Dataset entries:
_____

(* Let $\phi\in L^\infty$. If the slant Hankel operator $L_\phi=WH_\phi$ on $H^2$ is a slant H-Toeplitz operator (i.e. $L_\phi=V_\psi$ for some $\psi\in L^\infty$), then $\phi\in(z+z^3H^\infty)^\perp$, where $z+z^3H^\infty=\{z+z^3\psi:\psi\in H^\infty\}$ and $\perp$ denotes the orthogonal complement in $L^2$.
   Context: $L^2=L^2(\mathbb{T})$ with orthonormal basis $e_n(z)=z^n$, $n\in\mathbb{Z}$; $H^2$ is the closed span of $\{e_n\}_{n\ge0}$, $H^\infty=H^2\cap L^\infty$, $P:L^2\to H^2$ the orthogonal projection, $M_\phi$ multiplication by $\phi$. $W:L^2\to L^2$: $We_n=e_{n/2}$ for $n$ even, $0$ for $n$ odd. $J:H^2\to L^2$, $Je_n=e_{-n-1}$ ($n\ge0$); $H_\phi=PM_\phi J$ is the Hankel operator and $L_\phi=WH_\phi$. $K:H^2\to L^2$: $Ke_{2n}=e_n$, $Ke_{2n+1}=e_{-n-1}$ ($n\ge0$). The slant H-Toeplitz operator with symbol $\psi$ is $V_\psi=WPM_\psi K:H^2\to H^2$. *)

theory Defs
  imports "HOL-Analysis.Analysis"
begin

(* Functions on the unit circle T are represented by phi :: complex => complex,
   restricted to T via t |-> phi (cis t), t in [0, 2 pi], normalized Lebesgue measure. *)

definition Linf :: "(complex \<Rightarrow> complex) \<Rightarrow> bool" where
  "Linf phi \<longleftrightarrow> (\<lambda>t. phi (cis t)) \<in> borel_measurable (lebesgue_on {0..2*pi}) \<and>
     (\<exists>B. AE t in lebesgue_on {0..2*pi}. norm (phi (cis t)) \<le> B)"

definition fourier :: "(complex \<Rightarrow> complex) \<Rightarrow> int \<Rightarrow> complex" where
  "fourier phi n = (LINT t|lebesgue_on {0..2*pi}. phi (cis t) * cis (- (of_int n * t))) / (2 * pi)"

definition l2inner :: "(complex \<Rightarrow> complex) \<Rightarrow> (complex \<Rightarrow> complex) \<Rightarrow> complex" where
  "l2inner f g = (LINT t|lebesgue_on {0..2*pi}. f (cis t) * cnj (g (cis t))) / (2 * pi)"

definition Hinf :: "(complex \<Rightarrow> complex) set" where
  "Hinf = {h. Linf h \<and> (\<forall>n<0. fourier h n = 0)}"

(* Elements of L^2 are identified with their coefficient sequences w.r.t. the
   orthonormal basis e_n (n in Z); H^2 = sequences supported on n >= 0. *)
definition l2seq :: "(int \<Rightarrow> complex) \<Rightarrow> bool" where
  "l2seq f \<longleftrightarrow> (\<lambda>n. (norm (f n))\<^sup>2) summable_on UNIV"

definition H2seq :: "(int \<Rightarrow> complex) \<Rightarrow> bool" where
  "H2seq f \<longleftrightarrow> l2seq f \<and> (\<forall>n<0. f n = 0)"

definition Mop :: "(complex \<Rightarrow> complex) \<Rightarrow> (int \<Rightarrow> complex) \<Rightarrow> (int \<Rightarrow> complex)" where
  "Mop phi f = (\<lambda>n. \<Sum>\<^sub>\<infinity>k\<in>UNIV. fourier phi (n - k) * f k)"

definition Pop :: "(int \<Rightarrow> complex) \<Rightarrow> (int \<Rightarrow> complex)" where
  "Pop f = (\<lambda>n. if n \<ge> 0 then f n else 0)"

(* W e_n = e_{n/2} (n even), 0 (n odd) *)
definition Wop :: "(int \<Rightarrow> complex) \<Rightarrow> (int \<Rightarrow> complex)" where
  "Wop f = (\<lambda>n. f (2 * n))"

(* J e_n = e_{-n-1} *)
definition Jop :: "(int \<Rightarrow> complex) \<Rightarrow> (int \<Rightarrow> complex)" where
  "Jop f = (\<lambda>m. if m < 0 then f (- m - 1) else 0)"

_____

What you need to do:
Filter the records for lines holding the string "basis". Copy each one.

Result for this exercise:
   Context: $L^2=L^2(\mathbb{T})$ with orthonormal basis $e_n(z)=z^n$, $n\in\mathbb{Z}$; $H^2$ is the closed span of $\{e_n\}_{n\ge0}$, $H^\infty=H^2\cap L^\infty$, $P:L^2\to H^2$ the orthogonal projection, $M_\phi$ multiplication by $\phi$. $W:L^2\to L^2$: $We_n=e_{n/2}$ for $n$ even, $0$ for $n$ odd. $J:H^2\to L^2$, $Je_n=e_{-n-1}$ ($n\ge0$); $H_\phi=PM_\phi J$ is the Hankel operator and $L_\phi=WH_\phi$. $K:H^2\to L^2$: $Ke_{2n}=e_n$, $Ke_{2n+1}=e_{-n-1}$ ($n\ge0$). The slant H-Toeplitz operator with symbol $\psi$ is $V_\psi=WPM_\psi K:H^2\to H^2$. *)
   orthonormal basis e_n (n in Z); H^2 = sequences supported on n >= 0. *)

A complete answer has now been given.